According to the invention, the polarization voltage applied between the working and counter electrodes of the biosensor is a pulsed voltage of alternating polarity. Referring to FIG. 1, the polarization voltage is a square-wave voltage of alternating polarity, which consists alternately of a positive voltage pulse during the measurement interval A, and a negative voltage pulse in the regeneration interval B. In measuring interval A, an electrochemical double layer forms in front of the working electrode of the biso sensor, and ions are adsorbed on the electrode surface. The sensor signal I _{meas is measured} at a defined time t _meas during the duration of the measuring interval A. In the subsequent regeneration interval B, with a negative polarization voltage, the chemisorbed ions are detached from the surface of the working electrode and at the same time the electrochemical double layer is broken down. In the presence of chloride ions, regeneration of the counterelectrode by polarization-related new formation can occur at the same time. B. a silver chloride layer. Due to the measurement of the sensor signal I _measure always at the same time t _measure within the measurement interval A and the regeneration effects described, a very short running-in time of the biosensor and a high long-term stability and sensitivity are achieved.

According to FIG. 2, the run-in time of the biosensor can be shortened further by the measuring interval A consisting of a measuring pulse A1 and an upstream charging pulse A2. The charging pulse A2 has a higher voltage value U _L than the voltage _value U _{meas of} the measuring pulse A1. The measurement of the sensor signal I _meas is always carried out at the same time during the duration of the measurement pulse A1. The charging pulse A2 causes an accelerated charging of the electrochemical double layer and thus shortens the running-in time of the biso sensor.

According to FIG. 2 by a regeneration interval the following B1 B2 recovery pulse to further improve the signal stability of the biosensor possible. Since the recovery pulse B2 has a voltage value equal to zero, an ion balance (compensation of the ion concentration by diffusion) can occur in front of the working electrode.

FIG. 3 shows the response behavior of the sensor signal I when using the polarization voltage according to FIG. 2. The _measuring time t at which the sensor signal is measured I _measurement, is chosen such that at the present biosensor, a constant sensor signal I.

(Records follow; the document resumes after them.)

lemma card_perm_cycles_funpow:
  assumes "\<tau> permutes {..<n}"
  shows "card (perm_cycles n (\<tau> ^^ k)) = (\<Sum>C\<in>perm_cycles n \<tau>. gcd (card C) k)"
proof -
  have \<tau>: "permutation \<tau>" using assms by (auto simp: permutation_permutes)
  have "real (card (perm_cycles n (\<tau> ^^ k))) = (\<Sum>x<n. 1 / card (perm_cycle (\<tau> ^^ k) x))"
    using sum_perm_cycles_eq_sum_elements[OF permutes_funpow[OF assms], of "\<lambda>_. 1" k] by simp
  also have "\<dots> = (\<Sum>x<n. gcd (card (perm_cycle \<tau> x)) k / card (perm_cycle \<tau> x))"
    by (simp add: card_perm_cycle_funpow[OF \<tau>] real_of_nat_div)
  also have "\<dots> = (\<Sum>C\<in>perm_cycles n \<tau>. gcd (card C) k)"
    using sum_perm_cycles_eq_sum_elements[OF assms, of "\<lambda>c. gcd c k"] by simp
  finally show ?thesis by (simp only: of_nat_eq_iff flip: of_nat_sum)
qed

lemma sum_gcd_eq_sum_totient:
  fixes f :: "'a \<Rightarrow> nat"
  assumes "finite A" "0 < k"
  shows "(\<Sum>a\<in>A. gcd (f a) k) = (\<Sum>e | e dvd k. totient e * card {a \<in> A. e dvd f a})"
proof -
  have "(\<Sum>a\<in>A. gcd (f a) k) = (\<Sum>a\<in>A. \<Sum>e\<in>{e. e dvd k \<and> e dvd f a}. totient e)"
  proof (rule sum.cong[OF refl])
    fix a
    have "{e. e dvd gcd (f a) k} = {e. e dvd k \<and> e dvd f a}" by auto
    then show "gcd (f a) k = (\<Sum>e\<in>{e. e dvd k \<and> e dvd f a}. totient e)"
      using totient_divisor_sum[of "gcd (f a) k"] by simp
  qed
  also have "\<dots> = (\<Sum>e | e dvd k. \<Sum>a\<in>{a \<in> A. e dvd f a}. totient e)"
    using sum.swap_restrict[OF assms(1), of "{e. e dvd k}" "\<lambda>_ e. totient e" "\<lambda>a e. e dvd f a"] assms
    by simp
  finally show ?thesis by (simp add: mult.commute)
qed

lemma card_perm_cycles_funpow_eq_sum_totient:
  assumes "\<tau> permutes {..<n}" "0 < k"
  shows "card (perm_cycles n (\<tau> ^^ k)) = (\<Sum>e | e dvd k. totient e * m_cycles n e \<tau>)"
proof -
  have "finite (perm_cycles n \<tau>)" by (simp add: perm_cycles_def)
  from sum_gcd_eq_sum_totient[OF this assms(2), of card] show ?thesis
    by (simp add: card_perm_cycles_funpow[OF assms(1)] m_cycles_def)
qed

lemma divisor_sums_eq_imp_eq:
  fixes w f g :: "nat \<Rightarrow> nat"
  assumes w: "\<And>d. 0 < d \<Longrightarrow> 0 < w d"
    and sums: "\<And>k. 0 < k \<Longrightarrow> (\<Sum>e | e dvd k. w e * f e) = (\<Sum>e | e dvd k. w e * g e)"
  shows "0 < d \<Longrightarrow> f d = g d"
proof (induction d rule: less_induct)
  case (less d)
  let ?D = "{e. e dvd d}"
  have fin: "finite ?D" and d: "d \<in> ?D" using less.prems by auto
  have "(\<Sum>e\<in>?D - {d}. w e * f e) = (\<Sum>e\<in>?D - {d}. w e * g e)"
  proof (rule sum.cong[OF refl])
    fix e assume "e \<in> ?D - {d}"
    then have "e dvd d" "e \<noteq> d" by auto
    then have "0 < e" "e < d"
      using less.prems dvd_imp_le[of e d] by (auto intro: gr0I)
    then show "w e * f e = w e * g e" using less.IH by simp
  qed
  moreover have "(\<Sum>e\<in>?D. w e * f e) = (\<Sum>e\<in>?D. w e * g e)" by (rule sums[OF less.prems])
  ultimately have "w d * f d = w d * g d" by (simp add: sum.remove[OF fin d])
  then show ?case using w[OF less.prems] by simp
qed

section \<open>Permutation matrices\<close>

lemma perm_mat_carrier: "perm_mat n \<pi> \<in> carrier_mat n n"
  by (simp add: perm_mat_def)

lemma perm_mat_mult:
  assumes "\<sigma> ` {..<n} \<subseteq> {..<n}"
  shows "perm_mat n \<pi> * perm_mat n \<sigma> = (perm_mat n (\<pi> \<circ> \<sigma>) :: 'a :: field mat)"
proof (rule eq_matI)
  fix i j
  assume "i < dim_row (perm_mat n (\<pi> \<circ> \<sigma>) :: 'a mat)" "j < dim_col (perm_mat n (\<pi> \<circ> \<sigma>) :: 'a mat)"
  then have ij: "i < n" "j < n" by (auto simp: perm_mat_def)
  then have "(perm_mat n \<pi> * perm_mat n \<sigma> :: 'a mat) $$ (i, j)
      = (\<Sum>l\<in>{0..<n}. (if i = \<pi> l then 1 else 0) * (if l = \<sigma> j then 1 else 0))"
    by (simp add: perm_mat_def scalar_prod_def)
  also have "\<dots> = (\<Sum>l\<in>{0..<n}. if l = \<sigma> j then (if i = \<pi> l then 1 else 0) else 0)"
    by (rule sum.cong) auto
  also have "\<dots> = (perm_mat n (\<pi> \<circ> \<sigma>) :: 'a mat) $$ (i, j)"
    using assms ij by (auto simp: perm_mat_def sum.delta)
  finally show "(perm_mat n \<pi> * perm_mat n \<sigma> :: 'a mat) $$ (i, j)
      = (perm_mat n (\<pi> \<circ> \<sigma>) :: 'a mat) $$ (i, j)" .
qed (auto simp: perm_mat_def)

lemma perm_mat_pow:
  assumes "\<pi> permutes {..<n}"
  shows "(perm_mat n \<pi> :: 'a :: field mat) ^\<^sub>m k = perm_mat n (\<pi> ^^ k)"
proof (induction k)
  case 0
  show ?case by (rule eq_matI) (auto simp: perm_mat_def)
next
  case (Suc k)
  have "\<pi> ` {..<n} \<subseteq> {..<n}" using permutes_image[OF assms] by simp
  have "(perm_mat n \<pi> :: 'a mat) ^\<^sub>m Suc k = perm_mat n (\<pi> ^^ k) * perm_mat n \<pi>"
    using Suc by simp
  also have "\<dots> = perm_mat n (\<pi> ^^ Suc k)"
    by (simp only: perm_mat_mult[OF \<open>\<pi> ` {..<n} \<subseteq> {..<n}\<close>] funpow_Suc_right)
  finally show ?case .
qed

lemma perm_mat_mult_vec_index:
  assumes "\<tau> permutes {..<n}" "v \<in> carrier_vec n" "i < n"
  shows "(perm_mat n \<tau> *\<^sub>v v) $ i = v $ inv_into UNIV \<tau> i"
proof -
  have "(perm_mat n \<tau> *\<^sub>v v) $ i = (\<Sum>j\<in>{0..<n}. (if i = \<tau> j then 1 else 0) * v $ j)"
    using assms(2,3) by (simp add: perm_mat_def scalar_prod_def)
  also have "\<dots> = (\<Sum>j\<in>{0..<n}. if j = inv_into UNIV \<tau> i then v $ j else 0)"
  proof (rule sum.cong[OF refl])
    fix j
    have "i = \<tau> j \<longleftrightarrow> j = inv_into UNIV \<tau> i"
      using permutes_inv_eq[OF assms(1), of i j] by auto
    then show "(if i = \<tau> j then 1 else 0) * v $ j = (if j = inv_into UNIV \<tau> i then v $ j else 0)"
      by simp
  qed
  also have "\<dots> = v $ inv_into UNIV \<tau> i"
    using permutes_in_image[OF permutes_inv[OF assms(1)]] assms(3) by (simp add: sum.delta)
  finally show ?thesis .
qed

lemma char_matrix_one_mult_vec:
  fixes A :: "'a :: field mat"
  assumes "A \<in> carrier_mat n n" "v \<in> carrier_vec n"
  shows "char_matrix A 1 *\<^sub>v v = A *\<^sub>v v - v"
proof -
  have "((-1) \<cdot>\<^sub>m 1\<^sub>m n) *\<^sub>v v = - v"
    using assms(2)
    by (intro eq_vecI)
      (auto simp: scalar_prod_def sum_negf if_distrib[of "\<lambda>x. x * _"] sum.delta cong: if_cong)
  then show ?thesis
    using assms unfolding char_matrix_def
    by (simp add: add_mult_distrib_mat_vec[of _ n n] minus_add_uminus_vec[of _ n])
qed

lemma mat_kernel_char_perm_mat:
  assumes "\<tau> permutes {..<n}"
  shows "mat_kernel (char_matrix (perm_mat n \<tau> :: 'a :: field mat) 1)
       = {v \<in> carrier_vec n. \<forall>j<n. v $ \<tau> j = v $ j}"
proof -
  let ?C = "char_matrix (perm_mat n \<tau> :: 'a mat) 1"
  have "?C *\<^sub>v v = 0\<^sub>v n \<longleftrightarrow> (\<forall>j<n. v $ \<tau> j = v $ j)" if v: "v \<in> carrier_vec n" for v
  proof -
    have "?C *\<^sub>v v = perm_mat n \<tau> *\<^sub>v v - v"
      by (rule char_matrix_one_mult_vec[OF perm_mat_carrier v])
    then have "?C *\<^sub>v v = 0\<^sub>v n \<longleftrightarrow> (\<forall>i<n. (perm_mat n \<tau> *\<^sub>v v) $ i - v $ i = 0)"
      using v by (auto simp: vec_eq_iff perm_mat_def)
    also have "\<dots> \<longleftrightarrow> (\<forall>i<n. v $ inv_into UNIV \<tau> i = v $ i)"
      using perm_mat_mult_vec_index[OF assms v] by simp
    also have "\<dots> \<longleftrightarrow> (\<forall>j\<in>inv_into UNIV \<tau> ` {..<n}. v $ j = v $ \<tau> j)"
      by (auto simp: permutes_inverses(1)[OF assms])
    also have "inv_into UNIV \<tau> ` {..<n} = {..<n}"
      by (rule permutes_image[OF permutes_inv[OF assms]])
    finally show ?thesis by auto
  qed
  then show ?thesis by (auto simp: mat_kernel_def perm_mat_def char_matrix_def)
qed

definition indicator_vec :: "nat \<Rightarrow> nat set \<Rightarrow> 'a :: zero_neq_one vec" where
  "indicator_vec n S = vec n (\<lambda>i. if i \<in> S then 1 else 0)"

lemma inj_on_indicator_vec: "inj_on (indicator_vec n :: nat set \<Rightarrow> 'a :: zero_neq_one vec) (Pow {..<n})"
proof (rule inj_onI)
  fix S T assume "S \<in> Pow {..<n}" "T \<in> Pow {..<n}"
    and eq: "(indicator_vec n S :: 'a vec) = indicator_vec n T"
  have "i \<in> S \<longleftrightarrow> i \<in> T" if "i < n" for i
    using arg_cong[OF eq, of "\<lambda>v. v $ i"] that by (auto simp: indicator_vec_def split: if_splits)
  then show "S = T" using \<open>S \<in> Pow {..<n}\<close> \<open>T \<in> Pow {..<n}\<close> by blast
qed

lemma invariant_vec_const_on_perm_cycle:
  assumes "\<tau> permutes {..<n}" "\<forall>j<n. v $ \<tau> j = v $ j" "x < n" "y \<in> perm_cycle \<tau> x"
  shows "v $ y = v $ x"
proof -
  obtain k where y: "y = (\<tau> ^^ k) x" using assms(4) unfolding perm_cycle_def by auto
  have "(\<tau> ^^ k) x < n \<and> v $ (\<tau> ^^ k) x = v $ x"
  proof (induction k)
    case (Suc k)
    then show ?case using assms(2) permutes_in_image[OF assms(1)] by simp
  qed (use assms(3) in simp)
  then show ?thesis using y by simp
qed

lemma perm_cycle_indicators_in_kernel:
  assumes "\<tau> permutes {..<n}"
  shows "indicator_vec n ` perm_cycles n \<tau>
           \<subseteq> mat_kernel (char_matrix (perm_mat n \<tau> :: 'a :: field mat) 1)"
proof -
  have "permutation \<tau>" using assms by (auto simp: permutation_permutes)
  then show ?thesis
    using mem_perm_cycle_iff perm_cycle_apply permutes_in_image[OF assms]
    by (auto simp: perm_cycles_def mat_kernel_char_perm_mat[OF assms] indicator_vec_def)
qed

The duration of the regeneration interval B or B1 and the Measuring interval A and the level of the negative voltage pulse in the regeneration interval B or B1 and that of the positive ones Voltage pulses A1 and A2 depend on the specific ones Properties of the biosensor, such as electrode material, design, Geometry and surface size of the individual electrodes of the  Biosensor and the mode of operation of the biosensor, and must be optimized according to the respective application.

Claims (3)

1. A method for the continuous analysis of constituents of a liquid by means of a biosensor which is in constant contact with the liquid to be analyzed, preferably an enzyme electrode, a polarization voltage being applied to the electrodes of the biosensor, and a sensor signal as a result of the biochemical reaction or the enzyme reaction Determination of the corresponding liquid component is measured, characterized in that the polarization voltage operating the biosensor and lying between a working and a counter electrode is a pulsed voltage of alternating polarity, the sensor signal (I _measure at the same time during the duration of a measurement interval (A) ) is measured and in a subsequent regeneration interval (B) a voltage pulse with opposite polarity than in the measuring interval (A) causes a regeneration of the biosensor. 2. A method for the continuous analysis of constituents of a liquid according to claim 1, characterized in that the measuring interval (A) consists of a charging pulse (A2) and a subsequent measuring pulse (A1), the charging pulse (A2) having a higher voltage value (U _L ) than the measuring pulse (A1). 3. Process for continuous analysis of components a liquid according to claim 1 or 2, characterized featured, that between regeneration interval (B) and measuring interval (A) a recovery pulse (B2) is present at the biosensor, in which the Polarization voltage is zero.